**Supplied records**
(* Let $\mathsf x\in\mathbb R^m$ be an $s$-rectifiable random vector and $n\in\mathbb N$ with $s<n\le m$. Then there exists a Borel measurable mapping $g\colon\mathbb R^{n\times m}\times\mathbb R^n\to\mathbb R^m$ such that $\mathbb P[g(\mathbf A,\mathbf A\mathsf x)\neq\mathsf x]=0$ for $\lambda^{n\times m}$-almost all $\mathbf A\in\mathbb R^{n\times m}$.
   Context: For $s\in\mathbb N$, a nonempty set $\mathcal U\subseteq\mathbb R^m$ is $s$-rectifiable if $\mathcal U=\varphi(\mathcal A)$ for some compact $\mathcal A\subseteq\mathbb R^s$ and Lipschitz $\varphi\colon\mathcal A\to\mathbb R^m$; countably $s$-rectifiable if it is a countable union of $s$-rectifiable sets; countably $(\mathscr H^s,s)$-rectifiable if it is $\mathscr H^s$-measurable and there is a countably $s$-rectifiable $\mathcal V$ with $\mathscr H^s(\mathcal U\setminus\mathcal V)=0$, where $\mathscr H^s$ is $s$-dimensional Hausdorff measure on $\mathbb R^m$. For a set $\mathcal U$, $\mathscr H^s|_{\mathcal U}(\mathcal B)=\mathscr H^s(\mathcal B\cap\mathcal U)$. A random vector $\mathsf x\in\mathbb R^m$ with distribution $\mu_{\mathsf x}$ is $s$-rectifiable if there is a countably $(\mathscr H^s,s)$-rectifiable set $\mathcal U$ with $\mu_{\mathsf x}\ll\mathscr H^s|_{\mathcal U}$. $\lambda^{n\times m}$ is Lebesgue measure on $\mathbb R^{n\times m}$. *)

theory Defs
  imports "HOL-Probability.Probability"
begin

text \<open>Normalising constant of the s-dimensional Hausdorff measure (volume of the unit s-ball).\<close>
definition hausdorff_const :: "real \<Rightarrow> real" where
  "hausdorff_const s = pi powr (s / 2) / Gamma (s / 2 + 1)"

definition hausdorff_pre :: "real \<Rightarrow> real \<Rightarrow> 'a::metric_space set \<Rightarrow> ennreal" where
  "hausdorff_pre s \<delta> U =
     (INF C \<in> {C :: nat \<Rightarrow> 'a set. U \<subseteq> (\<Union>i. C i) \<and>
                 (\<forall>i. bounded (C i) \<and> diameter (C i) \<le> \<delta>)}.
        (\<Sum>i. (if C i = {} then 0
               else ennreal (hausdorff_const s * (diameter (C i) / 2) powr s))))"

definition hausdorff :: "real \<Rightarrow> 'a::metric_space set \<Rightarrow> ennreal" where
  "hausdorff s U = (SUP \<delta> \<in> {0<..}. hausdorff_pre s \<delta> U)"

**Your assignment**
Reprint the whole listing above exactly.

**Output below**
(* Let $\mathsf x\in\mathbb R^m$ be an $s$-rectifiable random vector and $n\in\mathbb N$ with $s<n\le m$. Then there exists a Borel measurable mapping $g\colon\mathbb R^{n\times m}\times\mathbb R^n\to\mathbb R^m$ such that $\mathbb P[g(\mathbf A,\mathbf A\mathsf x)\neq\mathsf x]=0$ for $\lambda^{n\times m}$-almost all $\mathbf A\in\mathbb R^{n\times m}$.
   Context: For $s\in\mathbb N$, a nonempty set $\mathcal U\subseteq\mathbb R^m$ is $s$-rectifiable if $\mathcal U=\varphi(\mathcal A)$ for some compact $\mathcal A\subseteq\mathbb R^s$ and Lipschitz $\varphi\colon\mathcal A\to\mathbb R^m$; countably $s$-rectifiable if it is a countable union of $s$-rectifiable sets; countably $(\mathscr H^s,s)$-rectifiable if it is $\mathscr H^s$-measurable and there is a countably $s$-rectifiable $\mathcal V$ with $\mathscr H^s(\mathcal U\setminus\mathcal V)=0$, where $\mathscr H^s$ is $s$-dimensional Hausdorff measure on $\mathbb R^m$. For a set $\mathcal U$, $\mathscr H^s|_{\mathcal U}(\mathcal B)=\mathscr H^s(\mathcal B\cap\mathcal U)$. A random vector $\mathsf x\in\mathbb R^m$ with distribution $\mu_{\mathsf x}$ is $s$-rectifiable if there is a countably $(\mathscr H^s,s)$-rectifiable set $\mathcal U$ with $\mu_{\mathsf x}\ll\mathscr H^s|_{\mathcal U}$. $\lambda^{n\times m}$ is Lebesgue measure on $\mathbb R^{n\times m}$. *)

theory Defs
  imports "HOL-Probability.Probability"
begin

text \<open>Normalising constant of the s-dimensional Hausdorff measure (volume of the unit s-ball).\<close>
definition hausdorff_const :: "real \<Rightarrow> real" where
  "hausdorff_const s = pi powr (s / 2) / Gamma (s / 2 + 1)"

definition hausdorff_pre :: "real \<Rightarrow> real \<Rightarrow> 'a::metric_space set \<Rightarrow> ennreal" where
  "hausdorff_pre s \<delta> U =
     (INF C \<in> {C :: nat \<Rightarrow> 'a set. U \<subseteq> (\<Union>i. C i) \<and>
                 (\<forall>i. bounded (C i) \<and> diameter (C i) \<le> \<delta>)}.
        (\<Sum>i. (if C i = {} then 0
               else ennreal (hausdorff_const s * (diameter (C i) / 2) powr s))))"

definition hausdorff :: "real \<Rightarrow> 'a::metric_space set \<Rightarrow> ennreal" where
  "hausdorff s U = (SUP \<delta> \<in> {0<..}. hausdorff_pre s \<delta> U)"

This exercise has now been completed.